Thorium could prove a greener alternative to uranium in Canada’s nuclear plants

The idea to use thorium as a fuel for nuclear reactors is nothing new. It was there right at the beginning, when the idea to build nuclear power stations was first proposed. Now, decades later, news coming out of China is that thorium may be the green energy of the future, and Canada's Candu reactors are the best technology to harness that energy.

When plans were first drafted to build nuclear power plants after World War II, thorium was one of the possible fuels considered, and research into it continued in the United States up until 1973. The decision to go with uranium was not based on considerations about which would be the better long-term fuel for nuclear power, but on the fact that the Department of Defense needed plutonium for its nuclear weapons program.

In Canada, we had no plans to build nuclear weapons, but like everyone else, we still focused on uranium instead of thorium, and developed the Candu (Canadian Deuterium Uranium) reactor. The benefit of the CANDU 'heavy-water' design, though, was that it could use alternative fuels, such as recovered uranium, or a uranium-plutonium oxide mix called MOX fuel — thus it could take advantage of the availability of spent uranium fuel from other reactors and plutonium extracted from dismantled nuclear weapons.

[ Related: Candu Energy reaches agreement with unionized scientists ]

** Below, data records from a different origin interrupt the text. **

(* Let $0\le r\le R$ be integers, assume $\mu<\infty$, $\mu p\neq 1$ and $\mu p q\neq 1$, and consider the model on the truncated tree $\mathbb{T}_R$ with the information starting at the vertex $x$ at distance $r$ from the root. Then $$ E_r (S) = \frac{1}{1 - \mu p} \bigg(1 + q \,\frac{1 - q^r}{1 - q} \, (1 - p) - (\mu p)^{R - r + 1} \,\frac{1 - pq (1 + (\mu - 1)(\mu pq)^r)}{1 - \mu pq} \bigg). $$
   Context: Let $(p_k)_{k\ge 0}$ be an offspring distribution with $p_0=0$, mean $\mu=\sum_k kp_k$ and variance $\sigma^2=\sum_k (k-\mu)^2p_k$. Let $\mathbb{T}$ be a Galton–Watson tree with root $0$ and offspring distribution $(p_k)$ (each vertex independently has $k$ offspring, i.e. edges going away from the root, with probability $p_k$). For an integer $R\ge 0$, the truncated tree $\mathbb{T}_R$ is the subgraph of $\mathbb{T}$ induced by the vertices at distance at most $R$ from the root. Fix $p,q\in(0,1)$. Each edge of the tree is replaced by two arrows: the arrow parent $\to$ offspring is open with probability $p$ and the arrow offspring $\to$ parent is open with probability $q$, all arrows independently of each other and of the tree. The source of the information is a vertex $x$ at distance $r$ from the root chosen independently of the offspring numbers of its ancestors and of the percolation (e.g. the vertex obtained from the root by always moving to the first offspring); let $0=x_0\to x_1\to\cdots\to x_r=x$ be the path from the root to $x$. The cluster is $\mathscr{C}=\{y: \text{there is a directed open path from } x \text{ to } y\}$ (including $x$), its elements are called wet, and $S=\operatorname{card}(\mathscr{C})$. $E_r$ and $P_r$ denote expectation and probability (over both the tree and the percolation) when the source is at distance $r$ from the root. *)

theory Defs
  imports "HOL-Probability.Probability"
begin

text \<open>Vertices of the (potential) Galton--Watson tree are Ulam--Harris labels (nat lists).
  A configuration assigns to every label v a triple (number of offspring of v,
  arrow parent(v) to v open, arrow v to parent(v) open).\<close>

type_synonym config = "nat list \<Rightarrow> nat \<times> bool \<times> bool"

definition offspring_mean :: "nat pmf \<Rightarrow> real" where
  "offspring_mean P = measure_pmf.expectation P real"

definition GW_perc :: "nat pmf \<Rightarrow> real \<Rightarrow> real \<Rightarrow> config measure" where
  "GW_perc P p q = PiM UNIV (\<lambda>_::nat list.
      measure_pmf (pair_pmf P (pair_pmf (bernoulli_pmf p) (bernoulli_pmf q))))"

definition is_vertex :: "config \<Rightarrow> nat \<Rightarrow> nat list \<Rightarrow> bool" where
  "is_vertex \<omega> R v \<longleftrightarrow> length v \<le> R \<and> (\<forall>j < length v. v ! j < fst (\<omega> (take j v)))"

definition open_arrows :: "config \<Rightarrow> nat \<Rightarrow> (nat list \<times> nat list) set" where
  "open_arrows \<omega> R = {(u, w). is_vertex \<omega> R u \<and> is_vertex \<omega> R w \<and>
      ((\<exists>i. w = u @ [i] \<and> fst (snd (\<omega> w))) \<or> (\<exists>i. u = w @ [i] \<and> snd (snd (\<omega> u))))}"

definition wet_cluster :: "config \<Rightarrow> nat \<Rightarrow> nat list \<Rightarrow> nat list set" where
  "wet_cluster \<omega> R x = {y. (x, y) \<in> (open_arrows \<omega> R)\<^sup>*}"

end

theory Submission
  imports Defs
begin

text \<open>Every vertex of the tree is written uniquely as \<open>spine k @ s\<close>, where \<open>spine k\<close> is the
  ancestor of the source at depth \<open>k \<le> r\<close> at which the path from the source to the vertex
  turns downwards. The vertex is wet iff the \<open>r - k\<close> upward arrows along the spine and the
  \<open>length s\<close> downward arrows along \<open>s\<close> are open and \<open>s\<close> stays inside \<open>\<T>\<^sub>R\<close>; by
  independence this has probability \<open>q\<^sup>r\<^sup>-\<^sup>k\<close> times a product of factors \<open>p P(N > s\<^sub>j)\<close>.
  Summing over \<open>s\<close> turns each product into a power of \<open>\<mu> p\<close>, since \<open>\<Sum>\<^sub>i P(N > i) = \<mu>\<close>,
  except that the first step off the spine must avoid the spine itself, which replaces \<open>\<mu>\<close>
  by \<open>\<mu> - 1\<close> there. The resulting finite geometric sums evaluate to the stated formula.\<close>

section \<open>Nonnegative integrals over lists\<close>

lemma nn_integral_list_Nil_Cons:
  fixes f :: "'a list \<Rightarrow> ennreal"
  shows "(\<integral>\<^sup>+ s. f s \<partial>count_space UNIV)
    = f [] + (\<integral>\<^sup>+ i. \<integral>\<^sup>+ s. f (i # s) \<partial>count_space UNIV \<partial>count_space UNIV)"
proof -
  have bij: "bij_betw (\<lambda>(i, s). i # s) (UNIV :: ('a \<times> 'a list) set) (- {[]})"
    by (auto simp: bij_betw_def inj_on_def image_def neq_Nil_conv)
  have "(\<integral>\<^sup>+ s. f s \<partial>count_space UNIV)
      = (\<integral>\<^sup>+ s. f s * indicator {[]} s + f s * indicator (- {[]}) s \<partial>count_space UNIV)"
    by (intro nn_integral_cong) (auto split: split_indicator)
  also have "\<dots> = f [] + (\<integral>\<^sup>+ s. f s \<partial>count_space (- {[]}))"
    by (subst nn_integral_add) (auto simp: nn_integral_count_space_indicator)
  also have "(\<integral>\<^sup>+ s. f s \<partial>count_space (- {[]})) = (\<integral>\<^sup>+ z. f ((\<lambda>(i, s). i # s) z) \<partial>count_space UNIV)"
    by (rule nn_integral_bij_count_space[OF bij, symmetric])
  also have "\<dots> = (\<integral>\<^sup>+ i. \<integral>\<^sup>+ s. f (i # s) \<partial>count_space UNIV \<partial>count_space UNIV)"
    by (subst nn_integral_fst_count_space[symmetric]) simp
  finally show ?thesis .
qed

The development of the Candu reactor wasn't the death of thorium power in Canada, though. In fact, the Candu reactor is proving to be the future of thorium power, as research has found that the it can use thorium as a fuel with only minor modifications.

There are specific advantages to using thorium as a nuclear fuel:

  • It is abundant, with four times more available than uranium, and is readily accessible as tons of it has already been dug up while mining for rare-earth elements.

  • It is safe, as it has far lower radioactivity than uranium. "A chunk of thorium is no more harmful than a bar of soap" states Richard Martin, in his book Superfuel. There is no chance of a nuclear meltdown, because nuclear chain reactions cannot be sustained in the fuel, so fission stops by default if an accident occurs.

  • There are no byproducts from its use that can be used to manufacture weapons. Thorium reactors are cheaper to build, and the fuel is also cheaper, as thorium requires little to no processing to be used as a fuel. There is very little waste produced, and what waste there is becomes safe after a few hundred years, compared to the thousands of years that current fuels remain dangerous.

That's not to say there aren't potential downsides to using thorium. A primary concern is that thorium reactions require a 'primer' of some fissile material — such as plutonium or uranium-233 — to start, and thus it does not solve any problems regarding nuclear proliferation. However, the chain reactions can be maintained after that priming, and the reactors can be designed to make their own fissile materials to be used in other reactors — materials which will have no practical use to anyone wishing to make a bomb from them (something you can't do with uranium).

[ More Geekquinox: Is the Star Trek 'warp drive' possible? ]

Other concerns exist about long-lived radioactive byproducts, ongoing technical problems and whether or not thorium provides an economical solution to our energy needs. These claims have endured rebuttal and rebuke, of course, which have pointed out incorrect assumptions about the specific reactors and fuels to be used, and have provided some examples for perspective regarding radioactive byproducts.

Whether or not thorium is truly the nuclear fuel of the future will ultimately depend on a comparison of its advantages and disadvantages with those of the current nuclear fuels being used. With the CANDU reactor on the forefront of what could be a new thorium green-energy boom, Canada could take a leading role in the future of energy production.